JOHANNESBURG: Load shedding costs South Africa up to R11 billion a month, but it’s here until Eskom is back on track.

“It’s important to reduce load shedding because it’s the biggest cost to the economy,” said Rudi Dicks, deputy director-general in the Department of Planning, Monitoring and Evaluation (DPME).

The “estimated cost is between R8bn and R11bn amonth”. The main costs are the damage to machinery, equipment and labour.

“This does not include the impact on investor confidence and social trust,” he added.

Load shedding costs R9 to R15 a kWh and running diesel-powered stations costs R4 to R5 a kWh, compared to Eskom’s average cost of producing electricity of 67c a kWh.

Dicks was speaking at the SA National Energy Association on Tuesday night in Joburg.
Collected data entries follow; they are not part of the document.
(* Let $n$ be a positive integer. If $l_2(n)=2^{k+1}s+\frac{1-(-2)^k}{3}$ for some nonnegative integer $k$ and integer $s$, then $l_2(n+1)=3^{k+1}s+\frac{1-(-3)^k}{2}$.
   Context: For a positive integer $m$, the triangle $T_m$ is an array whose row $x$ ($x=1,2,\dots$) has $x$ entries, in columns $0,\dots,x-1$. Row $1$ is the single entry $1$. For $x>1$, row $x$ is obtained from row $x-1$ by rotating it cyclically left by $m$ positions (the entry in column $c$ of row $x-1$ moves to column $(c-m)\bmod(x-1)\in\{0,\dots,x-2\}$ of row $x$), then appending in column $x-1$ a new entry equal to $1$ plus the entry in column $0$ of row $x-1$. $T_m(x,c)$ denotes the entry in row $x$, column $c$. Define $l_m(1)=1$ and, for $n\ge2$, $l_m(n)=\min\{x>l_m(n-1): T_m(x,0)=1\}$. Here $m=2$ (in $T_2$ the value $1$ heads infinitely many rows, so $l_2(n)$ is defined for all $n$). *)

theory Defs
  imports Main
begin

text \<open>Row x of the triangle T_m, as a list of length x (columns 0..x-1).
  List.rotate m moves the entry in column c to column (c - m) mod length.\<close>
fun trow :: "nat \<Rightarrow> nat \<Rightarrow> nat list" where
  "trow m 0 = []"
| "trow m (Suc 0) = [1]"
| "trow m (Suc (Suc x)) = rotate m (trow m (Suc x)) @ [Suc (hd (trow m (Suc x)))]"

definition T :: "nat \<Rightarrow> nat \<Rightarrow> nat \<Rightarrow> nat" where
  "T m x c = trow m x ! c"

text \<open>l m n for n >= 1; the value at n = 0 is irrelevant.\<close>
fun l :: "nat \<Rightarrow> nat \<Rightarrow> nat" where
  "l m 0 = 0"
| "l m (Suc 0) = 1"
| "l m (Suc (Suc n)) = (LEAST x. x > l m (Suc n) \<and> T m x 0 = 1)"

end

theory Submission
  imports Defs "HOL-Computational_Algebra.Primes"
begin

text \<open>In every row of \<open>T\<^sub>m\<close> the entry 1 occurs in exactly one column \<open>col_one m x\<close>, and
  for \<open>m = 2\<close> each new row moves it two columns to the left, wrapping around modulo the row
  length; \<open>l 2\<close> lists the rows in which it reaches column 0. If the 1 sits in column \<open>e < 2\<close> of
  row \<open>r\<close>, it is next in a column \<open>e' < 2\<close> at the row \<open>r'\<close> with \<open>2r' + e' = 3r + e\<close>.
  Starting from a zero row \<open>x = 2\<^sup>k\<^sup>+\<^sup>1s + (1 - (-2)\<^sup>k)/3\<close> with \<open>k > 0\<close>, this gives the row
  \<open>(3x - 1)/2 = 2\<^sup>k\<^sup>-\<^sup>1u\<close>, \<open>u = 6s \<plusminus> 1\<close>, with the 1 in column 1; each further step multiplies
  the row by \<open>3/2\<close> while it is even, and from the odd row \<open>3\<^sup>k\<^sup>-\<^sup>1u\<close> the 1 returns to column 0
  at row \<open>(3\<^sup>ku + 1)/2 = 3\<^sup>k\<^sup>+\<^sup>1s + (1 - (-3)\<^sup>k)/2\<close>.\<close>

fun col_one :: "nat \<Rightarrow> nat \<Rightarrow> nat" where
  "col_one m 0 = 0"
| "col_one m (Suc 0) = 0"
| "col_one m (Suc (Suc x)) = (col_one m (Suc x) + m * x) mod Suc x"

lemma col_one_Suc: "1 \<le> r \<Longrightarrow> col_one m (Suc r) = (col_one m r + m * (r - 1)) mod r"
  by (cases r) auto

lemma col_one_less: "1 \<le> r \<Longrightarrow> col_one m r < r"
  by (cases "(m, r)" rule: col_one.cases) (auto simp: less_SucI)

lemma length_trow [simp]: "length (trow m x) = x"
  by (induction m x rule: trow.induct) simp_all

lemma trow_nonzero: "0 \<notin> set (trow m x)"
  by (induction m x rule: trow.induct) (simp_all add: set_rotate)

lemma add_mod_eq_iff:
  fixes c q x m :: nat
  assumes "c < Suc x" "q < Suc x"
  shows "(c + m) mod Suc x = q \<longleftrightarrow> c = (q + m * x) mod Suc x"
proof -
  have shift: "(a + m * x + m) mod Suc x = a" if "a < Suc x" for a
  proof -
    have "a + m * x + m = a + Suc x * m" by simp
    then show ?thesis using that by (metis mod_mult_self2 mod_less)
  qed
  show ?thesis
  proof
    assume "(c + m) mod Suc x = q"
    then have "(q + m * x) mod Suc x = (c + m + m * x) mod Suc x"
      by (metis mod_add_left_eq)
    then show "c = (q + m * x) mod Suc x"
      using shift[OF assms(1)] by (simp add: ac_simps)
  next
    assume "c = (q + m * x) mod Suc x"
    then have "(c + m) mod Suc x = (q + m * x + m) mod Suc x"
      by (metis mod_add_left_eq)
    then show "(c + m) mod Suc x = q"
      using shift[OF assms(2)] by simp
  qed
qed

lemma trow_nth_eq_1_iff: "c < x \<Longrightarrow> trow m x ! c = 1 \<longleftrightarrow> c = col_one m x"
proof (induction m x arbitrary: c rule: trow.induct)
  case (3 m x)
  define r where "r = trow m (Suc x)"
  have row: "trow m (Suc (Suc x)) = rotate m r @ [Suc (hd r)]"
    by (simp add: r_def)
  have col_less: "col_one m (Suc x) < Suc x"
    using col_one_less by simp
  show ?case
  proof (cases "c < Suc x")
    case True
    then have "trow m (Suc (Suc x)) ! c = r ! ((c + m) mod Suc x)"
      by (simp add: row r_def nth_append nth_rotate add.commute)
    then show ?thesis
      using "3.IH"[of "(c + m) mod Suc x"] add_mod_eq_iff[OF True col_less] by (simp add: r_def)
  next
    case False
    then have c: "c = Suc x" using "3.prems" by simp
    have "r \<noteq> []"
      by (metis r_def length_trow list.size(3) nat.distinct(1))
    then have "hd r \<noteq> 0"
      using trow_nonzero[of m "Suc x"] hd_in_set r_def by metis
    moreover have "col_one m (Suc (Suc x)) \<noteq> c"
      using c by (metis col_one.simps(3) mod_less_divisor zero_less_Suc less_irrefl)
    ultimately show ?thesis
      using c row by (simp add: nth_append r_def)
  qed
qed simp_all

lemma T_eq_1_iff: "1 \<le> x \<Longrightarrow> T m x 0 = 1 \<longleftrightarrow> col_one m x = 0"
  using trow_nth_eq_1_iff[of 0 x m] by (simp add: T_def)

lemma col_one_2_Suc_ge:
  assumes "1 \<le> r" "2 \<le> col_one 2 r"
  shows "col_one 2 (Suc r) = col_one 2 r - 2"
proof -
  have "col_one 2 r + 2 * (r - 1) = (col_one 2 r - 2) + r * 2"
    using assms by simp
  then have "col_one 2 (Suc r) = (col_one 2 r - 2) mod r"
    using col_one_Suc[OF assms(1)] by simp
  then show ?thesis
    using col_one_less[OF assms(1), of 2] by (simp add: less_imp_diff_less)
qed

lemma col_one_2_Suc_lt:
  assumes "2 \<le> r" "col_one 2 r < 2"
  shows "col_one 2 (Suc r) = r - 2 + col_one 2 r"
proof -
  have "col_one 2 (Suc r) = (col_one 2 r + 2 * (r - 1)) mod r"
    using assms(1) col_one_Suc[of r 2] by simp
  also have "\<dots> = (r - 2 + col_one 2 r + r) mod r"
    using assms by (intro arg_cong[where f = "\<lambda>t. t mod r"]) simp
  also have "\<dots> = r - 2 + col_one 2 r"
    using assms by (simp only: mod_add_self2) simp
  finally show ?thesis .
qed

lemma col_one_2_descent:
  assumes "1 \<le> r" "col_one 2 r = v + 2 * i" "j \<le> i"
  shows "col_one 2 (r + j) = v + 2 * (i - j)"
  using assms(3)
proof (induction j)
  case (Suc j)
  then have "col_one 2 (r + j) = v + 2 * (i - j)" by simp
  moreover have "2 \<le> v + 2 * (i - j)" using Suc.prems by simp
  ultimately show ?case
    using col_one_2_Suc_ge[of "r + j"] assms(1) Suc.prems by simp
qed (simp add: assms(2))

lemma col_one_2_next_hit:
  assumes "2 \<le> r" "col_one 2 r < 2"
  obtains r' where "r < r'" "col_one 2 r' < 2"
    "2 * r' + col_one 2 r' = 3 * r + col_one 2 r"
    "\<forall>y. r < y \<and> y < r' \<longrightarrow> 2 \<le> col_one 2 y"
proof -
  define i where "i = (r - 2 + col_one 2 r) div 2"
  define e where "e = (r - 2 + col_one 2 r) mod 2"
  have split: "e + 2 * i = r - 2 + col_one 2 r"
    unfolding e_def i_def by simp
  then have start: "col_one 2 (Suc r) = e + 2 * i"
    using col_one_2_Suc_lt[OF assms] by simp
  have hit: "col_one 2 (Suc r + i) = e"
    using col_one_2_descent[OF _ start, of i] by simp
  have "2 \<le> col_one 2 y" if "r < y" "y < Suc r + i" for y
  proof -
    have "y = Suc r + (y - Suc r)" "y - Suc r < i"
      using that by simp_all
    then show ?thesis
      using col_one_2_descent[OF _ start, of "y - Suc r"] by simp
  qed
  moreover have "2 * (Suc r + i) + e = 3 * r + col_one 2 r"
    using assms(1) split by (simp add: algebra_simps)
  moreover have "e < 2"
    by (simp add: e_def)
  ultimately show ?thesis
    using that[of "Suc r + i"] hit by simp
qed

definition next_zero :: "nat \<Rightarrow> nat \<Rightarrow> nat \<Rightarrow> bool" where
  "next_zero m a b \<longleftrightarrow> a < b \<and> col_one m b = 0 \<and> (\<forall>y. a < y \<and> y < b \<longrightarrow> col_one m y \<noteq> 0)"
lemma card_tie_swaps_le:
  assumes "finite C" "a \<in> C" "b \<in> C" "w 1 \<noteq> w (card C)" "p \<in> profiles C n"
  shows "real (card {B \<in> Pow {..<n}. score C w n (swap_votes a b B p) a = score C w n (swap_votes a b B p) b})
         \<le> 2 ^ n * central_binomial_prob (card {i \<in> {..<n}. p i \<in> first_last_rankings C a b})"
proof -
  define ties where
    "ties = {B \<in> Pow {..<n}. score C w n (swap_votes a b B p) a = score C w n (swap_votes a b B p) b}"
  define J where "J = {i \<in> {..<n}. p i \<in> first_last_rankings C a b}"
  define K where "K = {..<n} - J"
  define x where "x i = sigma w (p i) a - sigma w (p i) b" for i
  define c where "c = (score C w n p a - score C w n p b) / 2"
  have J: "J \<subseteq> {..<n}"
    by (auto simp: J_def)
  then have "finite J" "card J \<le> n"
    using finite_subset card_mono[OF finite_lessThan] by fastforce+
  have "ties \<subseteq> {B. B \<subseteq> J \<union> K \<and> sum x B = c}"
  proof
    fix B assume "B \<in> ties"
    then have B: "B \<subseteq> {..<n}" "score C w n (swap_votes a b B p) a - score C w n (swap_votes a b B p) b = 0"
      by (auto simp: ties_def)
    then have "sum x B = c"
      using score_diff_swap_votes[OF assms(1-3) B(1) assms(5)] by (simp add: x_def c_def)
    then show "B \<in> {B. B \<subseteq> J \<union> K \<and> sum x B = c}"
      using B(1) by (auto simp: K_def)
  qed
  then have "card ties \<le> card {B. B \<subseteq> J \<union> K \<and> sum x B = c}"
    using \<open>finite J\<close> by (intro card_mono) (auto simp: K_def)
  also have "\<dots> \<le> 2 ^ card K * (card J choose (card J div 2))"
    using \<open>finite J\<close> assms(4)
    by (intro card_subsets_sum_eq_le[where d = "w 1 - w (card C)"])
       (auto simp: K_def x_def J_def first_last_rankings_def sigma_def)
  also have "card K = n - card J"
    using J \<open>finite J\<close> by (simp add: K_def card_Diff_subset)
  finally have "real (card ties) \<le> real (2 ^ (n - card J) * (card J choose (card J div 2)))"
    by (rule of_nat_mono)
  also have "\<dots> = 2 ^ n * central_binomial_prob (card J)"
    using \<open>card J \<le> n\<close> by (simp add: central_binomial_prob_def) (simp add: power_diff)
  finally show ?thesis
    by (simp add: ties_def J_def)
qed
(* Let $\tilde L$ be a minimum-size counterexample. Let $L'\subseteq\tilde L$ be a subset which, with the order inherited from $\tilde L$, is a lattice (with least element $0_{L'}$ and greatest element $1_{L'}$), and suppose that at least one of the following holds: (i) $3<|L'|<8$; (ii) $2<|L'|<|\tilde L|-2$ and $d\le 1_{L'}$ for some dual atom $d$ of $\tilde L$. Then there exist $x\in L'\setminus\{0_{L'},1_{L'}\}$ and $y\in\tilde L\setminus L'$ such that, in $\tilde L$, $x$ upper covers $y$ or $x$ lower covers $y$.
   Context: For a poset $P$, $x$ upper covers $y$ (and $y$ lower covers $x$) if $y<x$ with nothing strictly between. Join-irreducible: upper covers exactly one element. A dual atom of a finite lattice is an element lower covered by... i.e. an element that the greatest element upper covers. For $x\in P$, ${\uparrow}x=\{y: x\le y\}$. A counterexample is a finite lattice $L$ with $|L|>1$ in which every join-irreducible $j$ satisfies $|{\uparrow}j|>|L|/2$; a minimum-size counterexample is a counterexample $\tilde L$ such that no counterexample has fewer elements. *)

theory Defs
  imports Main
begin

definition is_poset :: "'a set \<Rightarrow> ('a \<Rightarrow> 'a \<Rightarrow> bool) \<Rightarrow> bool" where
  "is_poset A le \<longleftrightarrow>
     (\<forall>x\<in>A. le x x) \<and>
     (\<forall>x\<in>A. \<forall>y\<in>A. le x y \<and> le y x \<longrightarrow> x = y) \<and>
     (\<forall>x\<in>A. \<forall>y\<in>A. \<forall>z\<in>A. le x y \<and> le y z \<longrightarrow> le x z)"

definition is_lub :: "'a set \<Rightarrow> ('a \<Rightarrow> 'a \<Rightarrow> bool) \<Rightarrow> 'a \<Rightarrow> 'a \<Rightarrow> 'a \<Rightarrow> bool" where
  "is_lub A le x y s \<longleftrightarrow> s \<in> A \<and> le x s \<and> le y s \<and>
     (\<forall>u\<in>A. le x u \<and> le y u \<longrightarrow> le s u)"

definition is_glb :: "'a set \<Rightarrow> ('a \<Rightarrow> 'a \<Rightarrow> bool) \<Rightarrow> 'a \<Rightarrow> 'a \<Rightarrow> 'a \<Rightarrow> bool" where
  "is_glb A le x y s \<longleftrightarrow> s \<in> A \<and> le s x \<and> le s y \<and>
     (\<forall>u\<in>A. le u x \<and> le u y \<longrightarrow> le u s)"

definition is_lattice :: "'a set \<Rightarrow> ('a \<Rightarrow> 'a \<Rightarrow> bool) \<Rightarrow> bool" where
  "is_lattice A le \<longleftrightarrow> A \<noteq> {} \<and> is_poset A le \<and>
     (\<forall>x\<in>A. \<forall>y\<in>A. (\<exists>s. is_lub A le x y s) \<and> (\<exists>t. is_glb A le x y t))"

definition upper_covers :: "'a set \<Rightarrow> ('a \<Rightarrow> 'a \<Rightarrow> bool) \<Rightarrow> 'a \<Rightarrow> 'a \<Rightarrow> bool" where
  "upper_covers A le x y \<longleftrightarrow> x \<in> A \<and> y \<in> A \<and> le y x \<and> y \<noteq> x \<and>
     \<not> (\<exists>z\<in>A. le y z \<and> z \<noteq> y \<and> le z x \<and> z \<noteq> x)"
lemma frechet_subdiff_of_touching_minorant:
  fixes h :: "'a::real_inner \<Rightarrow> ereal"
  assumes G: "(G has_derivative (\<lambda>d. w \<bullet> d)) (at p)"
    and fin: "\<bar>h p\<bar> \<noteq> \<infinity>"
    and touch: "\<And>q. h p + ereal (G q) \<le> h q + ereal (G p)"
  shows "w \<in> frechet_subdiff h p"
proof -
  obtain c where c: "h p = ereal c" using fin by (cases "h p") auto
  have quotient_le: "ereal ((G q - G p - w \<bullet> (q - p)) / norm (q - p))
      \<le> (h q - h p - ereal (w \<bullet> (q - p))) / ereal (norm (q - p))" if "q \<noteq> p" for q
  proof -
    have pos: "norm (q - p) > 0" using that by simp
    show ?thesis
    proof (cases "h q")
      case (real r)
      with touch[of q] c have "G q - G p \<le> r - c" by simp
      with pos have "(G q - G p - w \<bullet> (q - p)) / norm (q - p)
          \<le> (r - c - w \<bullet> (q - p)) / norm (q - p)"
        by (intro divide_right_mono) auto
      with real c pos show ?thesis by simp
    next
      case PInf
      with c pos show ?thesis by simp
    next
      case MInf
      with touch[of q] c show ?thesis by simp
    qed
  qed
  have "((\<lambda>q. (G q - G p - w \<bullet> (q - p)) / norm (q - p)) \<longlongrightarrow> 0) (at p)"
    using G unfolding has_derivative_at_within by (simp add: divide_inverse mult.commute)
  then have "0 \<le> Liminf (at p) (\<lambda>q. ereal ((G q - G p - w \<bullet> (q - p)) / norm (q - p)))"
  proof (cases "at p = bot")
    case False
    with \<open>(_ \<longlongrightarrow> 0) (at p)\<close>
    have "Liminf (at p) (\<lambda>q. ereal ((G q - G p - w \<bullet> (q - p)) / norm (q - p))) = ereal 0"
      by (intro lim_imp_Liminf) auto
    then show ?thesis by (simp add: zero_ereal_def)
  qed simp
  also have "\<dots> \<le> Liminf (at p) (\<lambda>q. (h q - h p - ereal (w \<bullet> (q - p))) / ereal (norm (q - p)))"
    by (intro Liminf_mono) (auto simp: eventually_at_filter quotient_le)
  finally show ?thesis using fin by (simp add: frechet_subdiff_def)
qed

lemma prox_point_finite:
  assumes "proper_fun g" and "\<forall>v. g u + ereal (a u) \<le> g v + ereal (a v)"
  shows "\<bar>g u\<bar> \<noteq> \<infinity>"
proof -
  obtain v where "g v \<noteq> \<infinity>" and "\<forall>v. g v \<noteq> -\<infinity>"
    using assms(1) by (auto simp: proper_fun_def)
  with assms(2)[rule_format, of v] show ?thesis by (cases "g u"; cases "g v") auto
qed

lemma prox_optimality_gradient:
  fixes f :: "'a::real_inner \<Rightarrow> real"
  assumes "\<gamma> > 0" and deriv: "(f has_derivative (\<lambda>h. d \<bullet> h)) (at u)"
    and min: "\<forall>v. f u + (norm (u - x))\<^sup>2 / (2 * \<gamma>) \<le> f v + (norm (v - x))\<^sup>2 / (2 * \<gamma>)"
  shows "d = (1 / \<gamma>) *\<^sub>R (x - u)"
proof -
  let ?grad = "d - (1 / \<gamma>) *\<^sub>R (x - u)"
  have "((\<lambda>v. f v + ((v - x) \<bullet> (v - x)) / (2 * \<gamma>)) has_derivative (\<lambda>h. ?grad \<bullet> h)) (at u)"
    using assms(1)
    by (auto intro!: derivative_eq_intros deriv
        simp: inner_simps algebra_simps inner_commute add_divide_distrib diff_divide_distrib)
  then have "(\<lambda>h. ?grad \<bullet> h) = (\<lambda>h. 0)"
    by (rule has_derivative_local_min) (use min in \<open>simp add: power2_norm_eq_inner\<close>)
  then have "?grad \<bullet> ?grad = 0" by (rule fun_cong)
  then show ?thesis by simp
qed

lemma merit_frechet_subgradient:
  fixes f :: "'a::real_inner \<Rightarrow> real" and g :: "'a \<Rightarrow> ereal"
  assumes "\<gamma> > 0" and deriv: "(f has_derivative (\<lambda>h. d \<bullet> h)) (at y)"
    and fin: "\<bar>g z\<bar> \<noteq> \<infinity>"
    and prox: "\<forall>v. g z + ereal ((norm (a - z))\<^sup>2 / (2 * \<gamma>))
                   \<le> g v + ereal ((norm (a - v))\<^sup>2 / (2 * \<gamma>))"
  shows "(d + (1 / \<gamma>) *\<^sub>R (2 *\<^sub>R z - y - x),
          (1 / \<gamma>) *\<^sub>R (a + 2 *\<^sub>R y + x - 4 *\<^sub>R z),
          (1 / \<gamma>) *\<^sub>R (z - y)) \<in> frechet_subdiff (merit \<gamma> f g) (y, z, x)"
proof (rule frechet_subdiff_of_touching_minorant)
  define coupling :: "'a \<times> 'a \<times> 'a \<Rightarrow> real" where
    "coupling = (\<lambda>(y, z, x). - (3 / (2 * \<gamma>)) * (norm (y - z))\<^sup>2 + (1 / \<gamma>) * ((x - y) \<bullet> (z - y)))"
  \<comment> \<open>The merit function minus G is g z' + norm (a - z')^2 / (2 \<gamma>), minimal at z' = z.\<close>
  define G where "G = (\<lambda>p. f (fst p) - (norm (a - fst (snd p)))\<^sup>2 / (2 * \<gamma>) + coupling p)"
  have merit_eq: "merit \<gamma> f g p = ereal (f (fst p)) + g (fst (snd p)) + ereal (coupling p)" for p
    by (cases p) (simp add: merit_def coupling_def)
  show "\<bar>merit \<gamma> f g (y, z, x)\<bar> \<noteq> \<infinity>"
    using fin by (cases "g z") (simp_all add: merit_eq)
  show "merit \<gamma> f g (y, z, x) + ereal (G q) \<le> merit \<gamma> f g q + ereal (G (y, z, x))" for q
    using prox[rule_format, of "fst (snd q)"] fin
    by (cases "g z"; cases "g (fst (snd q))") (auto simp: merit_eq G_def)
  have "((\<lambda>p. f (fst p)) has_derivative (\<lambda>h. d \<bullet> fst h)) (at (y, z, x))"
    using has_derivative_compose[OF has_derivative_fst[OF has_derivative_ident, of "at (y, z, x)"]]
      deriv
    by simp
  then show "(G has_derivative (\<lambda>h. (d + (1 / \<gamma>) *\<^sub>R (2 *\<^sub>R z - y - x),
          (1 / \<gamma>) *\<^sub>R (a + 2 *\<^sub>R y + x - 4 *\<^sub>R z),
          (1 / \<gamma>) *\<^sub>R (z - y)) \<bullet> h)) (at (y, z, x))"
    unfolding G_def coupling_def case_prod_beta power2_norm_eq_inner
    using \<open>\<gamma> > 0\<close>
    by (auto intro!: derivative_eq_intros
        simp: inner_simps algebra_simps inner_commute add_divide_distrib diff_divide_distrib)
qed
lemma gst_orbit_tau_profile_of_eq_empty:
  assumes "1 \<le> k" "G \<subseteq> ballots m" "ballot_orbit m G \<in> Q"
  shows "gst m k (orbit_tau m k Q) (profile_of G) = {}"
proof -
  have "\<not> real (card (G \<inter> G)) < real (orbit_tau m k Q W G) / real k * real (card G)" for W
    using assms(1,3) by (simp add: orbit_tau_def)
  then show ?thesis using assms(2) by (auto simp: gst_profile_of)
qed

lemma shattered_profile_of_transversal:
  assumes "1 \<le> k" "k \<le> m" "R \<subseteq> {G. G \<subseteq> ballots m \<and> card G = s}" "0 < s"
    and "inj_on (ballot_orbit m) R"
  shows "shattered (F_sGST m k) (profile_of ` R)"
  unfolding shattered_def
proof (intro exI conjI)
  show "\<forall>P\<in>profile_of ` R. committees m k \<noteq> {}"
    using base_committee_in_committees[OF assms(2)] by blast
  show "\<forall>B\<subseteq>profile_of ` R. \<exists>f\<in>F_sGST m k.
          (\<forall>P\<in>B. f P = committees m k) \<and> (\<forall>P\<in>profile_of ` R - B. f P = {})"
  proof (intro allI impI)
  fix B assume B: "B \<subseteq> profile_of ` R"
  define Q where "Q = ballot_orbit m ` {G \<in> R. profile_of G \<notin> B}"
  have card_Q: "card G' = s" if orbit_in_Q: "ballot_orbit m G' \<in> Q" for G'
  proof -
    obtain G where "G \<in> R" "ballot_orbit m G' = ballot_orbit m G"
      using orbit_in_Q by (auto simp: Q_def)
    then have "card G' = card G" using ballot_orbit_self card_mem_ballot_orbit by metis
    then show ?thesis using \<open>G \<in> R\<close> assms(3) by auto
  qed
  have "gst m k (orbit_tau m k Q) P = committees m k" if P: "P \<in> B" for P
  proof -
    obtain G where G: "G \<in> R" "P = profile_of G" using P B by blast
    have "ballot_orbit m G \<notin> Q"
    proof
      assume "ballot_orbit m G \<in> Q"
      then obtain G2 where G2: "G2 \<in> R" "profile_of G2 \<notin> B" "ballot_orbit m G = ballot_orbit m G2"
        by (auto simp: Q_def)
      then have "G = G2" using inj_onD[OF assms(5) G2(3) G(1)] by blast
      then show False using G2(2) G(2) P by simp
    qed
    moreover have "G \<subseteq> ballots m" "card G = s" using G(1) assms(3) by auto
    moreover from this(2) have "G \<noteq> {}" using assms(4) by auto
    ultimately show ?thesis
      unfolding G(2) using card_Q by (intro gst_orbit_tau_profile_of_eq_committees[OF assms(1)]) auto
  qed
  moreover have "gst m k (orbit_tau m k Q) P = {}" if P: "P \<in> profile_of ` R - B" for P
  proof -
    obtain G where G: "G \<in> R" "P = profile_of G" "profile_of G \<notin> B" using P by blast
    then have "ballot_orbit m G \<in> Q" by (auto simp: Q_def)
    moreover have "G \<subseteq> ballots m" using G(1) assms(3) by auto
    ultimately show ?thesis
      unfolding G(2) by (intro gst_orbit_tau_profile_of_eq_empty[OF assms(1)])
  qed
  ultimately show "\<exists>f\<in>F_sGST m k. (\<forall>P\<in>B. f P = committees m k) \<and> (\<forall>P\<in>profile_of ` R - B. f P = {})"
    using gst_orbit_tau_in_F_sGST[of m k Q] by blast
  qed
qed

lemma shattered_half_size_profiles:
  assumes "1 \<le> k" "k \<le> m"
  obtains S where "S \<subseteq> profiles m" "finite S" "shattered (F_sGST m k) S"
    "2 ^ m choose 2 ^ (m - 1) \<le> card S * fact m"
proof -
  define X where "X = {G. G \<subseteq> ballots m \<and> card G = 2 ^ (m - 1)}"
  have "finite X" unfolding X_def by (rule finite_subset[of _ "Pow (ballots m)"]) auto
  moreover have "card {G' \<in> X. ballot_orbit m G' = ballot_orbit m G} \<le> fact m" for G
  proof -
    have "{G' \<in> X. ballot_orbit m G' = ballot_orbit m G} \<subseteq> ballot_orbit m G"
      using ballot_orbit_self by blast
    then have "card {G' \<in> X. ballot_orbit m G' = ballot_orbit m G} \<le> card (ballot_orbit m G)"
      using finite_ballot_orbit by (rule card_mono[rotated])
    then show ?thesis using card_ballot_orbit_le order_trans by blast
  qed
  ultimately obtain R where R: "R \<subseteq> X" "inj_on (ballot_orbit m) R" "card X \<le> card R * fact m"
    by (rule exists_transversal)
  have finite_R: "finite G" if "G \<in> R" for G
  proof -
    have "G \<subseteq> ballots m" using that R(1) by (auto simp: X_def)
    then show ?thesis by (rule finite_subset) simp
  qed
  have "inj_on profile_of R"
    by (rule inj_onI) (metis finite_R set_profile_of)
  then have "card (profile_of ` R) = card R" by (rule card_image)
  moreover have "card X = 2 ^ m choose 2 ^ (m - 1)"
    unfolding X_def by (simp add: n_subsets)
  moreover have "profile_of ` R \<subseteq> profiles m"
  proof
    fix P assume "P \<in> profile_of ` R"
    then obtain G where G: "G \<in> R" "P = profile_of G" by blast
    then have "G \<subseteq> ballots m" "G \<noteq> {}" using R(1) by (auto simp: X_def)
    moreover have "set P = G" using G(2) finite_R[OF G(1)] by (simp add: set_profile_of)
    ultimately show "P \<in> profiles m" by (auto simp: profiles_def)
  qed
  moreover have "shattered (F_sGST m k) (profile_of ` R)"
    using assms R(1,2) by (intro shattered_profile_of_transversal) (auto simp: X_def)
  moreover have "finite (profile_of ` R)"
    using R(1) \<open>finite X\<close> by (metis finite_imageI finite_subset)
  ultimately show thesis using that R(3) by simp
qed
DPME is based in the Presidency and Dicks is part of the electricity war room (WR), set up by the cabinet late last year to get Eskom back on track.

The war room links key government departments and Eskom, and makes sure they talk to organised business. Its five-point plan, approved by the cabinet in December, is a strategy of immediate and short-term interventions to manage the electricity supply and demand.

“The WR doesn’t talk about policy. It’s about unblocking problems,” Dicks said.

“It focuses on 20 percent of the issues, which will make up 80 percent of the impact on managing the challenges.”

A key focus has been increasing energy availability.

From 2008 to 2011, about 85 percent of Eskom’s generating power was usually available for use. But this has dropped steadily since then, and by April it fell to below 68 percent.

Dicks said it was gradually improving, to just over 72 percent last month, while the aim is to get it to 78.2 percent in five years. This is a problem linked to power station breakdowns, which results in load shedding.

Top of the war room’s five-point plan is improving Eskom’s maintenance and operational practices.

Majuba power station, which lost a coal silo last year, is expected to be “functional” by November 30 and repairs to Duvha power station are at the negotiation and procurement stage.

The first unit of the new Medupi power station, which is running, is due to come onstream by September 30, while Ingula’s first unit is due by October 31 next year.